### Exercise
Records follow. Select each line holding "lambda".

[Stored dataset items]
++++++++

(* There is a function $C_6(t,\epsilon)$ such that the following holds for every positive integer $t$ and every $\epsilon\in(0,1)$: let $G$ be a connected bipartite graph with parts $A,B$, with $\delta(G)\geq C_6(t,\epsilon)$, which is induced $S_{t,t}$-free. Then for every $a\in A$ and $b\in B$ we have $|S_{N(a)}^{N(b)}(\epsilon)|\leq C_6(t,\epsilon)$.
   Context: For positive integers $a,b$, the biclaw $S_{a,b}$ is the graph with vertex set $\{x,x_1,\dots,x_a,y,y_1,\dots,y_b\}$ and edges $xy$, $xy_1,\dots,xy_b$, $yx_1,\dots,yx_a$. Induced $S_{t,t}$-free means no induced subgraph isomorphic to $S_{t,t}$. $N(v)$ is the neighbourhood of $v$, $\delta(G)$ the minimum degree. For vertex sets $X,Y$ and $\epsilon\in(0,1)$, $S_X^Y(\epsilon)=\{x\in X : |N(x)\cap Y|\leq (1-\epsilon)|Y|\}$. *)

theory Defs
  imports Complex_Main
begin

definition graph :: "'a set \<Rightarrow> ('a \<Rightarrow> 'a \<Rightarrow> bool) \<Rightarrow> bool" where
  "graph V E \<longleftrightarrow> finite V \<and> (\<forall>u v. E u v \<longrightarrow> u \<in> V \<and> v \<in> V)
     \<and> (\<forall>u v. E u v \<longrightarrow> E v u) \<and> (\<forall>v. \<not> E v v)"

definition nbhd :: "'a set \<Rightarrow> ('a \<Rightarrow> 'a \<Rightarrow> bool) \<Rightarrow> 'a \<Rightarrow> 'a set" where
  "nbhd V E v = {u \<in> V. E v u}"

definition min_degree_ge :: "'a set \<Rightarrow> ('a \<Rightarrow> 'a \<Rightarrow> bool) \<Rightarrow> nat \<Rightarrow> bool" where
  "min_degree_ge V E d \<longleftrightarrow> (\<forall>v\<in>V. card (nbhd V E v) \<ge> d)"

definition connected_graph :: "'a set \<Rightarrow> ('a \<Rightarrow> 'a \<Rightarrow> bool) \<Rightarrow> bool" where
  "connected_graph V E \<longleftrightarrow> V \<noteq> {} \<and> (\<forall>u\<in>V. \<forall>v\<in>V. (\<lambda>x y. E x y)\<^sup>*\<^sup>* u v)"

definition bipartition :: "'a set \<Rightarrow> ('a \<Rightarrow> 'a \<Rightarrow> bool) \<Rightarrow> 'a set \<Rightarrow> 'a set \<Rightarrow> bool" where
  "bipartition V E A B \<longleftrightarrow> A \<union> B = V \<and> A \<inter> B = {}
     \<and> (\<forall>u v. E u v \<longrightarrow> (u \<in> A \<and> v \<in> B) \<or> (u \<in> B \<and> v \<in> A))"

text \<open>Vertices of the biclaw S_{a,b}: X = x, Y = y, XL i = x_i (1..a), YL j = y_j (1..b).\<close>
datatype bcv = X | Y | XL nat | YL nat

definition biclaw_V :: "nat \<Rightarrow> nat \<Rightarrow> bcv set" where
  "biclaw_V a b = {X, Y} \<union> XL ` {1..a} \<union> YL ` {1..b}"

fun biclaw_E0 :: "bcv \<Rightarrow> bcv \<Rightarrow> bool" where
  "biclaw_E0 X Y = True"
| "biclaw_E0 X (YL _) = True"
| "biclaw_E0 Y (XL _) = True"
| "biclaw_E0 _ _ = False"

definition biclaw_E :: "bcv \<Rightarrow> bcv \<Rightarrow> bool" where
  "biclaw_E u v \<longleftrightarrow> biclaw_E0 u v \<or> biclaw_E0 v u"

definition induced_sub :: "'b set \<Rightarrow> ('b \<Rightarrow> 'b \<Rightarrow> bool) \<Rightarrow> 'a set \<Rightarrow> ('a \<Rightarrow> 'a \<Rightarrow> bool) \<Rightarrow> bool" where
  "induced_sub W F V E \<longleftrightarrow> (\<exists>f. inj_on f W \<and> f ` W \<subseteq> V \<and>
      (\<forall>u\<in>W. \<forall>v\<in>W. E (f u) (f v) \<longleftrightarrow> F u v))"

definition induced_biclaw_free :: "nat \<Rightarrow> 'a set \<Rightarrow> ('a \<Rightarrow> 'a \<Rightarrow> bool) \<Rightarrow> bool" where
  "induced_biclaw_free t V E \<longleftrightarrow> \<not> induced_sub (biclaw_V t t) biclaw_E V E"

definition S_set :: "'a set \<Rightarrow> ('a \<Rightarrow> 'a \<Rightarrow> bool) \<Rightarrow> 'a set \<Rightarrow> 'a set \<Rightarrow> real \<Rightarrow> 'a set" where
  "S_set V E Xs Ys eps = {x \<in> Xs. real (card (nbhd V E x \<inter> Ys)) \<le> (1 - eps) * real (card Ys)}"

end

theory Submission
  imports Defs
begin

(* Call a vertex p of N(a) sparse towards N(b) if it lies in S_{N(a)}^{N(b)}(eps), i.e. misses an
   eps-fraction of N(b), and typical towards N(b) otherwise.

   Across an edge uv there are few sparse vertices of N(u) towards N(v): among many of them a greedy
   Kovari-Sos-Turan count finds t vertices with t common non-neighbours in N(v), and these two t-sets
   together with u and v span an induced S_{t,t}.

   The bound transfers along a walk a x y b. If many vertices of N(a) are sparse towards N(b), take t of
   them typical towards N(x), with t common non-neighbours in N(b) typical towards N(y). The first t
   vertices have many common neighbours in N(x), one of which, z, is typical towards N(y); z and the
   second t vertices have a common neighbour r in N(y), and the edge zr carries an induced S_{t,t}.

   With eps = 1/2 the transfer shows that the walks of length three starting at a extend to every vertex
   at distance two from their end, so by connectivity they reach all of B; the transfer with the given
   eps then bounds S_{N(a)}^{N(b)}(eps). *)

lemma sum_card_filter_swap:
  assumes "finite S" "finite Q"
  shows "(\<Sum>q\<in>Q. card {p\<in>S. R p q}) = (\<Sum>p\<in>S. card {q\<in>Q. R p q})"
proof -
  have "(\<Sum>q\<in>Q. card {p\<in>S. R p q}) = (\<Sum>q\<in>Q. \<Sum>p\<in>S. if R p q then 1 else 0)"
    using assms by (simp add: sum.If_cases Int_def)
  also have "\<dots> = (\<Sum>p\<in>S. \<Sum>q\<in>Q. if R p q then 1 else 0)"
    by (rule sum.swap)
  also have "\<dots> = (\<Sum>p\<in>S. card {q\<in>Q. R p q})"
    using assms by (simp add: sum.If_cases Int_def)
  finally show ?thesis .
qed

lemma exists_ge_average:
  fixes f :: "'a \<Rightarrow> real"
  assumes "finite A" "A \<noteq> {}" "real (card A) * M \<le> sum f A"
  shows "\<exists>x\<in>A. M \<le> f x"
proof (rule ccontr)
  assume "\<not> ?thesis"
  then have "sum f A < sum (\<lambda>_. M) A"
    using assms(1,2) by (intro sum_strict_mono) auto
  then show False
    using assms(3) by simp
qed

lemma card_filter_le_Diff_add:
  assumes "finite A" "finite B"
  shows "card {x\<in>A. P x} \<le> card {x\<in>A - B. P x} + card B"
proof -
  have "card {x\<in>A. P x} \<le> card ({x\<in>A - B. P x} \<union> B)"
    using assms by (intro card_mono) auto
  also have "\<dots> \<le> card {x\<in>A - B. P x} + card B"
    by (rule card_Un_le)
  finally show ?thesis .
qed

lemma exists_popular_partner:
  fixes R :: "'a \<Rightarrow> 'b \<Rightarrow> bool" and c :: real
  assumes S: "finite S" "S \<noteq> {}" and Q: "finite Q" and c: "0 \<le> c"
    and partners: "\<forall>p\<in>S. c * card Q < card {q\<in>Q. R p q}"
  shows "\<exists>q\<in>Q. c * card S \<le> card {p\<in>S. R p q}"
proof -
  have "Q \<noteq> {}"
  proof
    assume "Q = {}"
    then show False
      using partners S(2) by simp
  qed
  have "real (card Q) * (c * card S) = (\<Sum>p\<in>S. c * card Q)"
    by simp
  also have "\<dots> \<le> (\<Sum>p\<in>S. real (card {q\<in>Q. R p q}))"
    using partners by (intro sum_mono) (simp add: less_imp_le)
  also have "\<dots> = (\<Sum>q\<in>Q. real (card {p\<in>S. R p q}))"
    using arg_cong[OF sum_card_filter_swap[OF S(1) Q, of R], of real] by simp
  finally show ?thesis
    by (rule exists_ge_average[OF Q \<open>Q \<noteq> {}\<close>])
qed

lemma greedy_common_partners:
  fixes R :: "'a \<Rightarrow> 'b \<Rightarrow> bool" and c :: real
  assumes Q: "finite Q" and S: "finite S" "S \<noteq> {}" and c: "0 < c"
    and partners: "\<forall>p\<in>S. c * card Q + k \<le> card {q\<in>Q. R p q}"
  shows "\<exists>T\<subseteq>Q. card T = k \<and> c ^ k * card S \<le> card {p\<in>S. \<forall>q\<in>T. R p q}"
  using partners
proof (induction k)
  case 0
  show ?case
    by (intro exI[of _ "{}"]) auto
next
  case (Suc k)
  have "\<forall>p\<in>S. c * card Q + k \<le> card {q\<in>Q. R p q}"
    using Suc.prems by force
  then obtain T where T: "T \<subseteq> Q" "card T = k"
    and common: "c ^ k * card S \<le> card {p\<in>S. \<forall>q\<in>T. R p q}"
    using Suc.IH by blast
  define ST where "ST = {p\<in>S. \<forall>q\<in>T. R p q}"
  have "finite ST" "finite T"
    using S Q T(1) finite_subset unfolding ST_def by auto
  have "0 < c ^ k * card S"
    using c S by (simp add: card_gt_0_iff)
  then have "ST \<noteq> {}"
    using common unfolding ST_def by fastforce
  have "c * card (Q - T) < card {q\<in>Q - T. R p q}" if "p \<in> ST" for p
  proof -
    have "c * card (Q - T) \<le> c * card Q"
      using c Q by (simp add: card_mono)
    moreover have "card {q\<in>Q. R p q} \<le> card {q\<in>Q - T. R p q} + k"
      using card_filter_le_Diff_add[OF Q \<open>finite T\<close>] T(2) by simp
    ultimately show ?thesis
      using Suc.prems that unfolding ST_def by force
  qed
  then obtain q where q: "q \<in> Q - T" "c * card ST \<le> card {p\<in>ST. R p q}"
    using exists_popular_partner[OF \<open>finite ST\<close> \<open>ST \<noteq> {}\<close> _ less_imp_le[OF c]] Q by blast
  have "{p\<in>S. \<forall>q'\<in>insert q T. R p q'} = {p\<in>ST. R p q}"
    unfolding ST_def by auto
  moreover have "c ^ Suc k * card S \<le> c * card ST"
    using common c unfolding ST_def by simp
  moreover have "card (insert q T) = Suc k"
    using q T \<open>finite T\<close> by simp
  ultimately show ?case
    using q T by (intro exI[of _ "insert q T"]) auto
qed

lemma card_common_partners_ge:
  fixes R :: "'a \<Rightarrow> 'b \<Rightarrow> bool" and m :: real
  assumes "finite P" "finite U" and few_missing: "\<forall>p\<in>P. card {u\<in>U. \<not> R p u} \<le> m"
  shows "card U \<le> card {u\<in>U. \<forall>p\<in>P. R p u} + card P * m"
proof -
  have "U \<subseteq> {u\<in>U. \<forall>p\<in>P. R p u} \<union> (\<Union>p\<in>P. {u\<in>U. \<not> R p u})"
    by blast
  then have "card U \<le> card ({u\<in>U. \<forall>p\<in>P. R p u} \<union> (\<Union>p\<in>P. {u\<in>U. \<not> R p u}))"
    using assms(1,2) by (intro card_mono) auto
  also have "\<dots> \<le> card {u\<in>U. \<forall>p\<in>P. R p u} + card (\<Union>p\<in>P. {u\<in>U. \<not> R p u})"
    by (rule card_Un_le)
  also have "\<dots> \<le> card {u\<in>U. \<forall>p\<in>P. R p u} + (\<Sum>p\<in>P. card {u\<in>U. \<not> R p u})"
    using card_UN_le[OF assms(1)] by (rule add_left_mono)
  finally have "real (card U) \<le> card {u\<in>U. \<forall>p\<in>P. R p u} + (\<Sum>p\<in>P. real (card {u\<in>U. \<not> R p u}))"
    by (simp flip: of_nat_sum of_nat_add)
  also have "\<dots> \<le> card {u\<in>U. \<forall>p\<in>P. R p u} + card P * m"
    using sum_mono[of P _ "\<lambda>_. m"] few_missing by fastforce
  finally show ?thesis .
qed

lemma card_common_partners_ge_half:
  fixes R :: "'a \<Rightarrow> 'b \<Rightarrow> bool" and \<delta> :: real
  assumes "finite P" "finite U" "card P * \<delta> \<le> 1 / 2"
    and few_missing: "\<forall>p\<in>P. card {u\<in>U. \<not> R p u} \<le> \<delta> * card U"
  shows "card U / 2 \<le> card {u\<in>U. \<forall>p\<in>P. R p u}"
proof -
  have "card P * \<delta> * card U \<le> 1 / 2 * card U"
    using assms(3) by (intro mult_right_mono) auto
  then show ?thesis
    using card_common_partners_ge[OF assms(1,2) few_missing] by (simp add: mult.assoc)
qed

++++++++

### Output
  "connected_graph V E \<longleftrightarrow> V \<noteq> {} \<and> (\<forall>u\<in>V. \<forall>v\<in>V. (\<lambda>x y. E x y)\<^sup>*\<^sup>* u v)"
  then have "sum f A < sum (\<lambda>_. M) A"
    using sum_mono[of P _ "\<lambda>_. m"] few_missing by fastforce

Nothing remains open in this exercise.